*DIRECTIONS FOR THIS TASK*
When you reach the line containing "complex \<Rightarrow> complex" in the data below, begin returning lines exactly as written, and stop once the line containing "- a \<noteq>" has been returned.
[[ EXERCISE MATERIALS open ]]
text \<open>Since pCons 0 p = t p, this is
  (m + 2 - a) X_{m+2}(t) = (2m + 3)(1 + t) X_{m+1}(t) - (m + 1 + a)(1 - t)^2 X_m(t).\<close>
lemma hyp_poly_recurrence:
  assumes "1 - a \<notin> \<int>\<^sub>\<le>\<^sub>0"
  shows "smult (of_nat m + 2 - a) (hyp_poly a (Suc (Suc m)))
   = smult (2 * of_nat m + 3) (hyp_poly a (Suc m) + pCons 0 (hyp_poly a (Suc m)))
     - smult (of_nat m + 1 + a)
         (hyp_poly a m - smult 2 (pCons 0 (hyp_poly a m)) + pCons 0 (pCons 0 (hyp_poly a m)))"
proof (rule poly_eqI)
  have "a \<noteq> 1"
    using assms by auto
  fix k
  consider "k = 0" | "k = 1" | j where "k = Suc (Suc j)"
    by (metis One_nat_def not0_implies_Suc)
  then show "coeff (smult (of_nat m + 2 - a) (hyp_poly a (Suc (Suc m)))) k =
    coeff (smult (2 * of_nat m + 3) (hyp_poly a (Suc m) + pCons 0 (hyp_poly a (Suc m)))
     - smult (of_nat m + 1 + a)
         (hyp_poly a m - smult 2 (pCons 0 (hyp_poly a m)) + pCons 0 (pCons 0 (hyp_poly a m)))) k"
  proof cases
    case 1
    then show ?thesis
      by (simp add: coeff_hyp_poly algebra_simps)
  next
    case 2
    then show ?thesis
      using hyp_coeff_recurrence_1[OF \<open>a \<noteq> 1\<close>, of m] by (simp add: coeff_hyp_poly)
  next
    case 3
    then show ?thesis
      using hyp_coeff_recurrence[OF assms, of m j] by (simp add: coeff_hyp_poly)
  qed
qed

definition contiguous_recurrence :: "complex \<Rightarrow> complex \<Rightarrow> complex \<Rightarrow> (nat \<Rightarrow> complex) \<Rightarrow> bool" where
  "contiguous_recurrence a p q f \<longleftrightarrow> (\<forall>m. (of_nat m + 2 - a) * f (Suc (Suc m))
     = (2 * of_nat m + 3) * p * f (Suc m) - (of_nat m + 1 + a) * q * f m)"

lemma contiguous_recurrence_diff:
  assumes "contiguous_recurrence a p q f" "contiguous_recurrence a p q g"
  shows "contiguous_recurrence a p q (\<lambda>r. c * f r - d * g r)"
proof (unfold contiguous_recurrence_def, intro allI)
  fix m
  have "(of_nat m + 2 - a) * f (Suc (Suc m)) = (2 * of_nat m + 3) * p * f (Suc m) - (of_nat m + 1 + a) * q * f m"
    "(of_nat m + 2 - a) * g (Suc (Suc m)) = (2 * of_nat m + 3) * p * g (Suc m) - (of_nat m + 1 + a) * q * g m"
    using assms unfolding contiguous_recurrence_def by blast+
  then show "(of_nat m + 2 - a) * (c * f (Suc (Suc m)) - d * g (Suc (Suc m)))
    = (2 * of_nat m + 3) * p * (c * f (Suc m) - d * g (Suc m)) - (of_nat m + 1 + a) * q * (c * f m - d * g m)"
    by algebra
qed

lemma contiguous_recurrence_unique:
  assumes "contiguous_recurrence a p q f" "contiguous_recurrence a p q g"
    and "\<And>m. a \<noteq> of_nat m + 2" and "f 0 = g 0" "f 1 = g 1"
  shows "f r = g r"
proof -
  have "f m = g m \<and> f (Suc m) = g (Suc m)" for m
  proof (induction m)
    case 0
    then show ?case
      using assms(4,5) by simp
  next
    case (Suc m)
    have "(of_nat m + 2 - a) * f (Suc (Suc m)) = (of_nat m + 2 - a) * g (Suc (Suc m))"
      using assms(1,2) Suc.IH unfolding contiguous_recurrence_def by simp
    moreover have "of_nat m + 2 - a \<noteq> 0"
      using assms(3)[of m] by simp
    ultimately show ?case
      using Suc.IH by simp
  qed
  then show ?thesis
    by blast
qed

lemma inverse_of_nat_neq_of_nat_add_2: "1 / of_nat n \<noteq> (of_nat m + 2 :: complex)"
proof -
  have "1 / real n \<le> 1"
    by (cases n) simp_all
  then have "1 / real n < real m + 2"
    by linarith
  then show ?thesis
    by (auto simp: complex_eq_iff)
qed

lemma Xnr_star_mult: "Xnr_star n r (c * a) (c * b) = c ^ r * Xnr_star n r a b"
  unfolding Xnr_star_def sum_distrib_left
proof (rule sum.cong[OF refl])
  fix k
  assume "k \<in> {..r}"
  then have "c ^ r = c ^ k * c ^ (r - k)"
    by (simp flip: power_add)
  then show "Xnr_coeff n r k * (c * a) ^ k * (c * b) ^ (r - k) = c ^ r * (Xnr_coeff n r k * a ^ k * b ^ (r - k))"
    by (simp add: power_mult_distrib)
qed

lemma contiguous_recurrence_Xnr_star:
  assumes "n \<noteq> 1" "b \<noteq> 0"
  shows "contiguous_recurrence (1 / of_nat n) (a + b) ((a - b)^2) (\<lambda>r. Xnr_star n r a b)"
proof -
  define \<alpha> :: complex where "\<alpha> = 1 / of_nat n"
  define t where "t = a / b"
  define S where "S r = poly (hyp_poly \<alpha> r) t" for r
  have Xt: "Xnr_star n r a b = b ^ r * S r" for r
    using Xnr_star_mult[of n r b t 1] assms(2) by (simp add: t_def S_def \<alpha>_def Xnr_star_eq_poly_hyp_poly)
  have "Re (1 - \<alpha>) > 0"
  proof (cases "n = 0")
    case False
    then have "n \<ge> 2"
      using assms(1) by linarith
    then show ?thesis
      by (simp add: \<alpha>_def)
  qed (simp add: \<alpha>_def)
  then have "1 - \<alpha> \<notin> \<int>\<^sub>\<le>\<^sub>0"
    using nonpos_Ints_subset_nonpos_Reals by (auto simp: complex_nonpos_Reals_iff)
  from arg_cong[OF hyp_poly_recurrence[OF this], of "\<lambda>p. poly p t"]
  have S: "(of_nat m + 2 - \<alpha>) * S (Suc (Suc m))
     = (2 * of_nat m + 3) * (1 + t) * S (Suc m) - (of_nat m + 1 + \<alpha>) * (1 - t)^2 * S m" for m
    by (simp add: S_def algebra_simps power2_eq_square)
  have "a = t * b"
    using assms(2) by (simp add: t_def)
  then have "(of_nat m + 2 - \<alpha>) * (b * (b * B) * S (Suc (Suc m)))
     = (2 * of_nat m + 3) * (a + b) * (b * B * S (Suc m))
       - (of_nat m + 1 + \<alpha>) * (a - b)^2 * (B * S m)" for m B
    using S[of m] by algebra
  then have "(of_nat m + 2 - \<alpha>) * (b ^ Suc (Suc m) * S (Suc (Suc m)))
     = (2 * of_nat m + 3) * (a + b) * (b ^ Suc m * S (Suc m))
       - (of_nat m + 1 + \<alpha>) * (a - b)^2 * (b ^ m * S m)" for m
    unfolding power_Suc .
  then show ?thesis
    unfolding contiguous_recurrence_def Xt \<alpha>_def by blast
qed

section \<open>The integrals R_{n,r}\<close>

lemma closed_segment_1_avoids_nonpos_Reals:
  fixes w t :: complex
  assumes "w \<notin> \<real>\<^sub>\<le>\<^sub>0" "t \<in> closed_segment 1 w"
  shows "t \<notin> \<real>\<^sub>\<le>\<^sub>0"
proof -
  have slot: "\<real>\<^sub>\<le>\<^sub>0 = complex_of_real ` {..0}"
    by (auto simp: nonpos_Reals_def)
  show ?thesis
    using starlike_slotted_complex_plane_left_aux[of w 0 1] assms unfolding slot by auto
qed

lemma has_contour_integral_linepath_primitive:
  assumes "w \<notin> \<real>\<^sub>\<le>\<^sub>0"
    and "\<And>t. t \<notin> \<real>\<^sub>\<le>\<^sub>0 \<Longrightarrow> (G has_field_derivative g t) (at t)"
  shows "(g has_contour_integral (G w - G 1)) (linepath 1 w)"
proof -
  have "(g has_contour_integral (G (pathfinish (linepath 1 w)) - G (pathstart (linepath 1 w)))) (linepath 1 w)"
  proof (rule contour_integral_primitive[where S = "closed_segment 1 w"])
    show "(G has_field_derivative g t) (at t within closed_segment 1 w)" if "t \<in> closed_segment 1 w" for t
      using assms closed_segment_1_avoids_nonpos_Reals that by (blast intro: has_field_derivative_at_within)
  qed auto
  then show ?thesis
    by simp
qed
[[ EXERCISE MATERIALS closed ]]
*EXERCISE SOLUTION*
definition contiguous_recurrence :: "complex \<Rightarrow> complex \<Rightarrow> complex \<Rightarrow> (nat \<Rightarrow> complex) \<Rightarrow> bool" where
  "contiguous_recurrence a p q f \<longleftrightarrow> (\<forall>m. (of_nat m + 2 - a) * f (Suc (Suc m))
     = (2 * of_nat m + 3) * p * f (Suc m) - (of_nat m + 1 + a) * q * f m)"

lemma contiguous_recurrence_diff:
  assumes "contiguous_recurrence a p q f" "contiguous_recurrence a p q g"
  shows "contiguous_recurrence a p q (\<lambda>r. c * f r - d * g r)"
proof (unfold contiguous_recurrence_def, intro allI)
  fix m
  have "(of_nat m + 2 - a) * f (Suc (Suc m)) = (2 * of_nat m + 3) * p * f (Suc m) - (of_nat m + 1 + a) * q * f m"
    "(of_nat m + 2 - a) * g (Suc (Suc m)) = (2 * of_nat m + 3) * p * g (Suc m) - (of_nat m + 1 + a) * q * g m"
    using assms unfolding contiguous_recurrence_def by blast+
  then show "(of_nat m + 2 - a) * (c * f (Suc (Suc m)) - d * g (Suc (Suc m)))
    = (2 * of_nat m + 3) * p * (c * f (Suc m) - d * g (Suc m)) - (of_nat m + 1 + a) * q * (c * f m - d * g m)"
    by algebra
qed

lemma contiguous_recurrence_unique:
  assumes "contiguous_recurrence a p q f" "contiguous_recurrence a p q g"
    and "\<And>m. a \<noteq> of_nat m + 2" and "f 0 = g 0" "f 1 = g 1"
  shows "f r = g r"
proof -
  have "f m = g m \<and> f (Suc m) = g (Suc m)" for m
  proof (induction m)
    case 0
    then show ?case
      using assms(4,5) by simp
  next
    case (Suc m)
    have "(of_nat m + 2 - a) * f (Suc (Suc m)) = (of_nat m + 2 - a) * g (Suc (Suc m))"
      using assms(1,2) Suc.IH unfolding contiguous_recurrence_def by simp
    moreover have "of_nat m + 2 - a \<noteq> 0"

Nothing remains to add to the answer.